A vigilant customer spotted a card reading “skimming” device fitted to a pump at a Tesco filling station.

The equipment, which included a miniature camera, was fitted to pump 16 at Tesco in Lower High Street, Watford, by 27-year-old Sorin Marin.

Marin was part of a Romanian gang which targeted self payment petrol pumps, recording customers’ details for the cards to be cloned and used with their own PIN numbers.

Marin and another man pulled onto the forecourt of the petrol station on September 25, and fitted the device before driving off to the superstore car park without buying any fuel.

Later that same day Caroline Lovell went to fill up at the pump and noticed a suspicious looking plastic strap had fallen from the machine.

She alerted staff, who closed the pump. Moments later Marin and an accomplice pulled up in the same VW van as before and went to fill up a can from the pump. He was prevented by staff and drove off.

The police were called and a description of the van put out which led to Marin’s arrest on suspicion of fraud, in Wiggenhall Road, Watford.
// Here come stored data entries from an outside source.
lemma units_uminus:
  assumes "(a::'a::ring_1) \<in> units"
  shows "- a \<in> units"
proof -
  obtain a' where "a * a' = 1" "a' * a = 1" using assms by (rule unitsE)
  then show ?thesis by (intro unitsI[of _ "- a'"]) simp_all
qed

lemma idempotent_zero: "idempotent (0::'a::ring_1)"
  by (simp add: idempotent_def)

lemma idempotent_one: "idempotent (1::'a::ring_1)"
  by (simp add: idempotent_def)

lemma idempotent_one_minus: "idempotent (e::'a::ring_1) \<Longrightarrow> idempotent (1 - e)"
  by (simp add: idempotent_def algebra_simps)

lemma idempotent_mult_commuting:
  assumes "idempotent (e::'a::ring_1)" "idempotent f" "e * f = f * e"
  shows "idempotent (e * f)"
proof -
  have "(e * f) * (e * f) = (e * e) * (f * f)" by (metis assms(3) mult.assoc)
  then show ?thesis using assms(1,2) by (simp add: idempotent_def)
qed

lemma idempotent_unit_eq_one:
  assumes "idempotent (e::'a::ring_1)" "e \<in> units"
  shows "e = 1"
proof -
  obtain v where v: "e * v = 1" using assms(2) by (rule unitsE)
  have "e = e * (e * v)" using v by simp
  also have "\<dots> = e * v" using assms(1) by (simp add: idempotent_def mult.assoc[symmetric])
  finally show ?thesis using v by simp
qed
lemma card_transpose_grid: "card (transpose_grid F) = card F"
  unfolding transpose_grid_def by (rule card_image) (rule inj_on_image, simp)

lemma mem_transpose_grid_doubleton: "{(i, j), (k, l)} \<in> transpose_grid F \<longleftrightarrow> {(j, i), (l, k)} \<in> F"
  by (simp add: mem_transpose_grid)

lemma swap_mem_grid: "prod.swap v \<in> grid b a \<longleftrightarrow> v \<in> grid a b"
  by (cases v) (auto simp: grid_def)

lemma grid_graph_transpose_grid:
  assumes F: "grid_graph a b F"
  shows "grid_graph b a (transpose_grid F)"
  unfolding grid_graph_def
proof
  fix e assume "e \<in> transpose_grid F"
  then have "prod.swap ` e \<in> F"
    by (simp add: mem_transpose_grid)
  with F obtain v w where "prod.swap ` e = {v, w}" "v \<noteq> w" "v \<in> grid a b" "w \<in> grid a b"
    by (rule grid_graph_edgeE)
  then have "e = {prod.swap v, prod.swap w}" "prod.swap v \<noteq> prod.swap w"
      "prod.swap v \<in> grid b a" "prod.swap w \<in> grid b a"
    by (auto simp: swap_image_eq_doubleton swap_mem_grid inj_eq[OF inj_swap])
  then show "\<exists>u v. e = {u, v} \<and> u \<noteq> v \<and> u \<in> grid b a \<and> v \<in> grid b a"
    by blast
qed

lemma row_stratified_transpose_grid: "col_stratified F \<Longrightarrow> row_stratified (transpose_grid F)"
  unfolding col_stratified_def row_stratified_def mem_transpose_grid_doubleton by blast

lemma degree_transpose_grid: "degree (transpose_grid F) (prod.swap v) = degree F v"
proof -
  have "{e \<in> transpose_grid F. prod.swap v \<in> e} = transpose_grid {e \<in> F. v \<in> e}"
    by (cases v) (auto simp: mem_transpose_grid)
  then show ?thesis
    unfolding degree_def by (simp add: card_transpose_grid)
qed

lemma partial_transpose_transpose_grid:
  "partial_transpose (transpose_grid F) = transpose_grid (partial_transpose F)"
proof (intro set_eqI)
  fix e
  have "e \<in> transpose_grid (partial_transpose F) \<longleftrightarrow>
      (\<exists>i j k l. e = {(j, k), (l, i)} \<and> {(i, j), (k, l)} \<in> F)"
    unfolding mem_transpose_grid partial_transpose_def by (simp add: swap_image_eq_doubleton)
  also have "\<dots> \<longleftrightarrow> e \<in> partial_transpose (transpose_grid F)"
    unfolding partial_transpose_def mem_transpose_grid_doubleton by (auto simp: insert_commute)
  finally show "e \<in> partial_transpose (transpose_grid F) \<longleftrightarrow> e \<in> transpose_grid (partial_transpose F)"
    by simp
qed
(* Suppose Assumptions 1–3 hold with $\kappa>2$, and let $0<\epsilon<\min\left(\frac{\kappa-2}{6(\kappa+1)},\frac1{15}\right)$. Then for any fixed $C>0$, uniformly in $z\in\mathbb C$ with $|z-x^*|\le Cn^{-1/3+\epsilon}$, as $n\to\infty$, \[G_{\mu_n}(z)=G_0+G_1(z-x^* )+\frac{G_2}{2}(z-x^* )^2+\mathcal O(n^{-2/3-2\epsilon}),\qquad G_{\mu_n}''(z)=G_2+\mathcal O(n^{-\epsilon}).\]
   Context: $\mu_n=\frac1n\sum_{j=1}^n\delta_{x_j^{(n)}}$ are probability measures (empirical measures of initial points) with distribution functions $F_n$. Assumption 1: the supports of all $\mu_n$ lie in a fixed bounded set, $\mu_n\to\mu$ weakly, $\mu$ has a density $\psi$ continuous on its support and $\psi(x)\sim c|x-x^*|^\kappa$ as $x\to x^*$ for some $x^*\in\mathbb R$, $c>0$. Assumption 2: $|F_n(x)-F(x)|\le M_0/n$ for all $x\in\mathbb R$, $n\ge n_0$, with $F$ the distribution function of $\mu$. Assumption 3: for some $m_0>0$ and all $n\ge n_0$, $[x^*-m_0n^{-1/(\kappa+1)},x^*+m_0n^{-1/(\kappa+1)}]$ does not meet the support of $\mu_n$. Notation: $G_\nu(z)=\int\frac{\nu(ds)}{z-s}$ (Stieltjes transform), $G_j:=G_\mu^{(j)}(x^* )=(-1)^jj!\int\frac{\mu(ds)}{(x^*-s)^{j+1}}$, $j=0,1,2,3$. *)

theory Defs
  imports "HOL-Probability.Probability" "HOL-Library.Landau_Symbols"
begin

text \<open>Empirical data: the n-th configuration consists of the points x n 1, ..., x n n;
  the empirical measure is mu_n = (1/n) sum_j delta_{x n j}.\<close>

definition emp_cdf :: "(nat \<Rightarrow> nat \<Rightarrow> real) \<Rightarrow> nat \<Rightarrow> real \<Rightarrow> real" where
  "emp_cdf x n t = real (card {j \<in> {1..n}. x n j \<le> t}) / real n"

definition emp_int :: "(nat \<Rightarrow> nat \<Rightarrow> real) \<Rightarrow> nat \<Rightarrow> (real \<Rightarrow> real) \<Rightarrow> real" where
  "emp_int x n f = (\<Sum>j=1..n. f (x n j)) / real n"
(* Let $T$ be a finite set, let $X=(X_t)_{t\in T}$ be a random process with $\max_{t\in T}\mathbf{E}|X_t|<\infty$, let $K\in\mathbb{N}$ and $\mu\in\mathcal{P}_K$. Let $X^{(1)},X^{(2)},\ldots$ be i.i.d. copies of $X$ and for $M\in\mathbb{N}$, $\mathbf{t}=(\mathbf{t}_1,\dots,\mathbf{t}_M)\in T^M$ define $X_{\mathbf{t}}=\frac1M\sum_{i=1}^M X^{(i)}_{\mathbf{t}_i}$. Then $$\mathscr{F}(X,\mu)=\lim_{N\to\infty}\mathbf{E}\Big[\sup_{\mathbf{t}\in\mathcal{T}_N(\mu)}X_{\mathbf{t}}\Big].$$
   Context: $\mathcal{P}_K=\{\frac1K\sum_{i=1}^K\delta_{t_i}: t_1,\dots,t_K\in T\}$ is the set of probability measures on $T$ whose atom probabilities are integer multiples of $1/K$. For $N\in\mathbb{N}$ and $\mu\in\mathcal{P}_K$, $\mathcal{T}_N(\mu)=\{\mathbf{t}\in T^{NK}: \frac{1}{NK}\sum_{i=1}^{NK}\delta_{\mathbf{t}_i}=\mu\}$, the set of sequences of length $NK$ in which each $t\in T$ appears exactly $NK\mu(\{t\})$ times. Fernique's functional: for a probability measure $P_X$ on $\mathbb{R}^T$ with $\int\|x\|\,P_X(dx)<\infty$ and a probability measure $\mu$ on $T$, $\mathscr{F}(P_X,\mu)=\sup\mathbf{E}[X_Z]$ over all couplings $(X,Z)$ with $X\sim P_X$, $Z\sim\mu$; for a process $X$, $\mathscr{F}(X,\mu)=\mathscr{F}(P_X,\mu)$ with $P_X$ the law of $X$. *)

theory Defs
  imports "HOL-Probability.Probability"
begin
(* Let $\mathcal A\in\mathbb C^{n\times n}$ be nonsingular and suppose $\mathcal A=\mathcal P_1+\mathcal P_2$ with $\mathcal P_1,\mathcal P_2$ positive semidefinite, and let $\Sigma$ be Hermitian positive definite. Let $\tilde{\mathcal A}=\Sigma^{-1/2}\mathcal A\Sigma^{-1/2}$, $\tilde{\mathcal P}_i=\Sigma^{-1/2}\mathcal P_i\Sigma^{-1/2}$ ($i=1,2$), and $K=\tilde{\mathcal A}+\tilde{\mathcal P}_1^*\tilde{\mathcal P}_2^*\tilde{\mathcal A}$. If $K$ is positive definite, then the PPS method is convergent, i.e. $\rho(\Gamma_{\mathrm{PPS}})<1$, where $\Gamma_{\mathrm{PPS}}=(\Sigma+\mathcal P_1)^{-1}(\Sigma-\mathcal P_2)(\Sigma+\mathcal P_2)^{-1}(\Sigma-\mathcal P_1)$.
   Context: A matrix $\mathcal P\in\mathbb C^{n\times n}$ is called positive semidefinite if $\mathcal P+\mathcal P^*$ is Hermitian positive semidefinite, and positive definite if $\mathcal P+\mathcal P^*$ is Hermitian positive definite; $\mathcal P$ need not be Hermitian. $\rho(\cdot)$ is the spectral radius; $\Sigma^{1/2}$ is the HPD square root of the HPD matrix $\Sigma$. The PPS method is the iteration $(\Sigma+\mathcal P_2)u^{k+1/2}=(\Sigma-\mathcal P_1)u^k+b$, $(\Sigma+\mathcal P_1)u^{k+1}=(\Sigma-\mathcal P_2)u^{k+1/2}+b$ for solving $\mathcal A u=b$; its iteration matrix is $\Gamma_{\mathrm{PPS}}$, and it converges for every initial guess iff $\rho(\Gamma_{\mathrm{PPS}})<1$. *)

theory Defs
  imports "Jordan_Normal_Form.Spectral_Radius" "Jordan_Normal_Form.Schur_Decomposition"
begin

abbreviation adj :: "complex mat \<Rightarrow> complex mat" where
  "adj A \<equiv> mat_adjoint A"

(* Hermitian positive (semi)definite n x n matrices; x^* H x = (H x) \<bullet>c x *)
definition hpd :: "nat \<Rightarrow> complex mat \<Rightarrow> bool" where
  "hpd n H \<longleftrightarrow> H \<in> carrier_mat n n \<and> mat_adjoint H = H \<and>
     (\<forall>x \<in> carrier_vec n. x \<noteq> 0\<^sub>v n \<longrightarrow> 0 < Re ((H *\<^sub>v x) \<bullet>c x))"

definition hpsd :: "nat \<Rightarrow> complex mat \<Rightarrow> bool" where
  "hpsd n H \<longleftrightarrow> H \<in> carrier_mat n n \<and> mat_adjoint H = H \<and>
     (\<forall>x \<in> carrier_vec n. 0 \<le> Re ((H *\<^sub>v x) \<bullet>c x))"

(* the paper's (possibly non-Hermitian) notions: P + P^* is HPSD / HPD *)
definition pos_semidef :: "nat \<Rightarrow> complex mat \<Rightarrow> bool" where
  "pos_semidef n P \<longleftrightarrow> P \<in> carrier_mat n n \<and> hpsd n (P + mat_adjoint P)"

definition pos_def :: "nat \<Rightarrow> complex mat \<Rightarrow> bool" where
  "pos_def n P \<longleftrightarrow> P \<in> carrier_mat n n \<and> hpd n (P + mat_adjoint P)"

definition minv :: "complex mat \<Rightarrow> complex mat" where
  "minv A = (THE B. B \<in> carrier_mat (dim_row A) (dim_row A) \<and>
                    A * B = 1\<^sub>m (dim_row A) \<and> B * A = 1\<^sub>m (dim_row A))"

definition hpd_sqrt :: "complex mat \<Rightarrow> complex mat" where
  "hpd_sqrt S = (THE R. hpd (dim_row S) R \<and> R * R = S)"

definition inv_sqrt :: "complex mat \<Rightarrow> complex mat" where
  "inv_sqrt S = minv (hpd_sqrt S)"

definition Gamma_PPS :: "complex mat \<Rightarrow> complex mat \<Rightarrow> complex mat \<Rightarrow> complex mat" where
  "Gamma_PPS \<Sigma> P1 P2 = minv (\<Sigma> + P1) * (\<Sigma> - P2) * minv (\<Sigma> + P2) * (\<Sigma> - P1)"

end

theory Submission
  imports Defs
begin

text \<open>
  Let \<open>R\<close> be the HPD square root of \<open>\<Sigma>\<close>, \<open>S = R\<^sup>-\<^sup>1\<close> and \<open>Q\<^sub>i = S P\<^sub>i S\<close>. Because
  \<open>(\<Sigma> - Y) \<Sigma>\<^sup>-\<^sup>1 (\<Sigma> + Y) = \<Sigma> - Y \<Sigma>\<^sup>-\<^sup>1 Y = (\<Sigma> + Y) \<Sigma>\<^sup>-\<^sup>1 (\<Sigma> - Y)\<close>, an eigenpair
  \<open>\<Gamma> v = \<mu> v\<close> of the PPS iteration matrix gives, for \<open>x = R v \<noteq> 0\<close>,
  \<open>(I - Q\<^sub>2) (I - Q\<^sub>1) x = \<mu> (I + Q\<^sub>2) (I + Q\<^sub>1) x\<close>. With \<open>y = (Q\<^sub>1 + Q\<^sub>2) x\<close> and
  \<open>z = x + Q\<^sub>2 Q\<^sub>1 x\<close> this reads \<open>z - y = \<mu> (z + y)\<close>, and \<open>\<langle>K x, x\<rangle> = \<langle>y, z\<rangle>\<close>. Hence
  \<open>(1 - |\<mu>|\<^sup>2) |z + y|\<^sup>2 = |z + y|\<^sup>2 - |z - y|\<^sup>2 = 4 Re \<langle>y, z\<rangle> > 0\<close>.
  The square root comes from the spectral theorem for Hermitian matrices. Semidefiniteness
  of \<open>P\<^sub>i\<close> only serves to make \<open>\<Sigma> + P\<^sub>i\<close> invertible.
\<close>

section \<open>Adjoints and the complex inner product\<close>

lemma adj_dim[simp]: "dim_row (adj A) = dim_col A" "dim_col (adj A) = dim_row A"
  unfolding mat_adjoint_def by auto

lemma adj_index[simp]: "i < dim_col A \<Longrightarrow> j < dim_row A \<Longrightarrow> adj A $$ (i,j) = cnj (A $$ (j,i))"
  unfolding mat_adjoint_def by (simp add: mat_of_rows_index)

lemma adj_carrier_mat[simp]: "A \<in> carrier_mat n m \<Longrightarrow> adj A \<in> carrier_mat m n"
  unfolding carrier_mat_def by simp

lemma adj_adj[simp]: "adj (adj A) = A"
  by (rule eq_matI) auto

lemma adj_one[simp]: "adj (1\<^sub>m n) = 1\<^sub>m n"
  by (rule eq_matI) auto

lemma adj_add: "A \<in> carrier_mat n m \<Longrightarrow> B \<in> carrier_mat n m \<Longrightarrow> adj (A + B) = adj A + adj B"
  by (rule eq_matI) auto

lemma adj_minus: "A \<in> carrier_mat n m \<Longrightarrow> B \<in> carrier_mat n m \<Longrightarrow> adj (A - B) = adj A - adj B"
  by (rule eq_matI) auto

lemma adj_mult:
  assumes "A \<in> carrier_mat n m" "B \<in> carrier_mat m k"
  shows "adj (A * B) = adj B * adj A"
  by (rule eq_matI) (use assms in \<open>auto simp: scalar_prod_def sum_conjugate mult.commute\<close>)

lemma cscalar_add_left:
  fixes u v w :: "complex vec"
  shows "u \<in> carrier_vec n \<Longrightarrow> v \<in> carrier_vec n \<Longrightarrow> w \<in> carrier_vec n \<Longrightarrow> (u + v) \<bullet>c w = u \<bullet>c w + v \<bullet>c w"
  by (simp add: scalar_prod_def sum.distrib algebra_simps)

lemma cscalar_add_right:
  fixes u v w :: "complex vec"
  shows "u \<in> carrier_vec n \<Longrightarrow> v \<in> carrier_vec n \<Longrightarrow> w \<in> carrier_vec n \<Longrightarrow> u \<bullet>c (v + w) = u \<bullet>c v + u \<bullet>c w"
  by (simp add: scalar_prod_def sum.distrib algebra_simps)

lemma cscalar_smult_left:
  fixes v w :: "complex vec"
  shows "v \<in> carrier_vec n \<Longrightarrow> w \<in> carrier_vec n \<Longrightarrow> (a \<cdot>\<^sub>v v) \<bullet>c w = a * (v \<bullet>c w)"
  by (simp add: scalar_prod_def sum_distrib_left mult_ac)

lemma cscalar_smult_right:
  fixes v w :: "complex vec"
  shows "v \<in> carrier_vec n \<Longrightarrow> w \<in> carrier_vec n \<Longrightarrow> v \<bullet>c (b \<cdot>\<^sub>v w) = cnj b * (v \<bullet>c w)"
  by (simp add: scalar_prod_def sum_distrib_left mult_ac)

lemma cscalar_commute:
  fixes v w :: "complex vec"
  shows "v \<in> carrier_vec n \<Longrightarrow> w \<in> carrier_vec n \<Longrightarrow> v \<bullet>c w = cnj (w \<bullet>c v)"
  by (simp add: scalar_prod_def sum_conjugate mult.commute)

lemma cscalar_self_real:
  fixes v :: "complex vec"
  shows "v \<bullet>c v = complex_of_real (Re (v \<bullet>c v))"
  using conjugate_square_ge_0_vec[of v] by (simp add: complex_eq_iff less_eq_complex_def)

lemma cscalar_self_Re_pos:
  fixes v :: "complex vec"
  shows "v \<in> carrier_vec n \<Longrightarrow> v \<noteq> 0\<^sub>v n \<Longrightarrow> 0 < Re (v \<bullet>c v)"
  using conjugate_square_greater_0_vec[of v n] by (simp add: less_complex_def)

lemma cscalar_adj:
  fixes A :: "complex mat"
  assumes A: "A \<in> carrier_mat n m" and x: "x \<in> carrier_vec m" and y: "y \<in> carrier_vec n"
  shows "(A *\<^sub>v x) \<bullet>c y = x \<bullet>c (adj A *\<^sub>v y)"
proof -
  have "(A *\<^sub>v x) \<bullet>c y = (\<Sum>i<n. (\<Sum>j<m. A $$ (i,j) * x $ j) * cnj (y $ i))"
    using A x y by (simp add: scalar_prod_def mult_mat_vec_def row_def lessThan_atLeast0)
  also have "\<dots> = (\<Sum>i<n. \<Sum>j<m. A $$ (i,j) * x $ j * cnj (y $ i))"
    by (simp add: sum_distrib_right)
  also have "\<dots> = (\<Sum>j<m. \<Sum>i<n. A $$ (i,j) * x $ j * cnj (y $ i))"
    by (rule sum.swap)
  also have "\<dots> = (\<Sum>j<m. x $ j * cnj (\<Sum>i<n. cnj (A $$ (i,j)) * y $ i))"
    by (simp add: sum_distrib_left mult_ac)
  also have "\<dots> = x \<bullet>c (adj A *\<^sub>v y)"
    using A x y by (simp add: scalar_prod_def mult_mat_vec_def row_def lessThan_atLeast0)
  finally show ?thesis .
qed

lemma Re_quad_form_herm_part:
  assumes M: "M \<in> carrier_mat n n" and v: "v \<in> carrier_vec n"
  shows "Re (((M + adj M) *\<^sub>v v) \<bullet>c v) = 2 * Re ((M *\<^sub>v v) \<bullet>c v)"
proof -
  have "((M + adj M) *\<^sub>v v) \<bullet>c v = (M *\<^sub>v v) \<bullet>c v + (adj M *\<^sub>v v) \<bullet>c v"
    unfolding add_mult_distrib_mat_vec[OF M adj_carrier_mat[OF M] v]
    by (rule cscalar_add_left[OF mult_mat_vec_carrier[OF M v] mult_mat_vec_carrier[OF adj_carrier_mat[OF M] v] v])
  also have "(adj M *\<^sub>v v) \<bullet>c v = v \<bullet>c (M *\<^sub>v v)"
    using cscalar_adj[OF adj_carrier_mat[OF M] v v] by simp
  also have "v \<bullet>c (M *\<^sub>v v) = cnj ((M *\<^sub>v v) \<bullet>c v)"
    using M v by (intro cscalar_commute[of v n]) auto
  finally show ?thesis by simp
qed

lemma hermitian_quad_form_real:
  assumes M: "M \<in> carrier_mat n n" "adj M = M" and v: "v \<in> carrier_vec n"
  shows "cnj ((M *\<^sub>v v) \<bullet>c v) = (M *\<^sub>v v) \<bullet>c v"
proof -
  have "(M *\<^sub>v v) \<bullet>c v = v \<bullet>c (M *\<^sub>v v)"
    using cscalar_adj[OF M(1) v v] M(2) by simp
  also have "\<dots> = cnj ((M *\<^sub>v v) \<bullet>c v)"
    using M v by (intro cscalar_commute[of v n]) auto
  finally show ?thesis by simp
qed

lemma mult_mat_vec_right_inverse:
  fixes A B :: "complex mat"
  assumes "A \<in> carrier_mat n n" "B \<in> carrier_mat n n" "A * B = 1\<^sub>m n" "w \<in> carrier_vec n"
  shows "A *\<^sub>v (B *\<^sub>v w) = w"
  using assoc_mult_mat_vec[OF assms(1,2,4)] assms(3,4) by simp

section \<open>Unitary diagonalization of Hermitian matrices\<close>

definition unitary :: "nat \<Rightarrow> complex mat \<Rightarrow> bool" where
  "unitary n U \<longleftrightarrow> U \<in> carrier_mat n n \<and> adj U * U = 1\<^sub>m n \<and> U * adj U = 1\<^sub>m n"

lemma unitaryI:
  assumes U: "U \<in> carrier_mat n n" and "adj U * U = 1\<^sub>m n"
  shows "unitary n U"
  using assms mat_mult_left_right_inverse[OF adj_carrier_mat[OF U] U] unfolding unitary_def by auto

lemma unitary_carrier_mat: "unitary n U \<Longrightarrow> U \<in> carrier_mat n n"
  unfolding unitary_def by simp

lemma unitary_one: "unitary n (1\<^sub>m n)"
  unfolding unitary_def by simp

lemma unitary_mult:
  assumes U: "unitary n U" and V: "unitary n V"
  shows "unitary n (U * V)"
proof (rule unitaryI)
  have Uc: "U \<in> carrier_mat n n" and Vc: "V \<in> carrier_mat n n"
    using U V by (auto simp: unitary_def)
  then show "U * V \<in> carrier_mat n n" by simp
  have aUc: "adj U \<in> carrier_mat n n" and aVc: "adj V \<in> carrier_mat n n"
    using Uc Vc by auto
  have "adj (U * V) * (U * V) = adj V * ((adj U * U) * V)"
    by (simp add: adj_mult[OF Uc Vc] assoc_mult_mat[OF aVc aUc mult_carrier_mat[OF Uc Vc]]
        assoc_mult_mat[OF aUc Uc Vc])
  also have "\<dots> = 1\<^sub>m n"
    using U V Vc by (simp add: unitary_def)
  finally show "adj (U * V) * (U * V) = 1\<^sub>m n" .
qed

lemma adj_mult_mult_index:
  assumes U: "U \<in> carrier_mat n k" and M: "M \<in> carrier_mat n m" and V: "V \<in> carrier_mat m l"
    and i: "i < k" and j: "j < l"
  shows "(adj U * M * V) $$ (i,j) = (M *\<^sub>v col V j) \<bullet>c col U i"
proof -
  have "(adj U * M * V) $$ (i,j) = row (adj U) i \<bullet> col (M * V) j"
    using U M V i j by (simp add: assoc_mult_mat[of _ k n _ m _ l])
  also have "row (adj U) i = conjugate (col U i)"
    using U i by (intro eq_vecI) auto
  also have "col (M * V) j = M *\<^sub>v col V j"
    by (rule col_mult2[OF M V j])
  also have "conjugate (col U i) \<bullet> (M *\<^sub>v col V j) = (M *\<^sub>v col V j) \<bullet>c col U i"
    using U M V i j by (intro comm_scalar_prod[of _ n]) auto
  finally show ?thesis .
qed

lemma unitary_cols_orthonormal:
  assumes "unitary n U" "i < n" "j < n"
  shows "col U j \<bullet>c col U i = (if i = j then 1 else 0)"
proof -
  have U: "U \<in> carrier_mat n n" using assms(1) by (rule unitary_carrier_mat)
  have "col U j \<bullet>c col U i = (adj U * 1\<^sub>m n * U) $$ (i,j)"
    using adj_mult_mult_index[OF U one_carrier_mat U assms(2,3)] U assms(3) by simp
  also have "adj U * 1\<^sub>m n * U = 1\<^sub>m n"
    using assms(1) U by (simp add: unitary_def)
  finally show ?thesis using assms(2,3) by simp
qed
A search of his home address in Waterloo Road, Romford, uncovered items for cloning credit cards.

Marin pleaded guilty at a previous hearing to possession of an article for use of fraud and possession of cannabis and sentence was adjourned to St Albans Crown Court on Friday.

His defence said Marin was a “fitter” low down in the operation who had installed two to three of the devices at various garages for about a month before he was caught.

A plasterer by trade, work dried up in the beginning of 2008 and the fellow Romanians he was sharing a home with got him involved to pay his way.

Judge Martin Griffith was told Marin had a drink problem, consuming 20 cans of lager a day, to which the judge interjected: “It amazes me how people that cannot find money for the rent always seem to find it for the beers.”

Marin was sentenced to ten months imprisonment, of which he will serve half. With 139 days on remand counting he will be out in a matter of weeks.

Judge Griffith said: “A large number of people have suffered the effects of credit card cloning. It not only allows criminals to obtain goods without paying for them, but also causes extra expense to all of us, because no doubt the credit card companies have a way of passing on those losses they suffer.”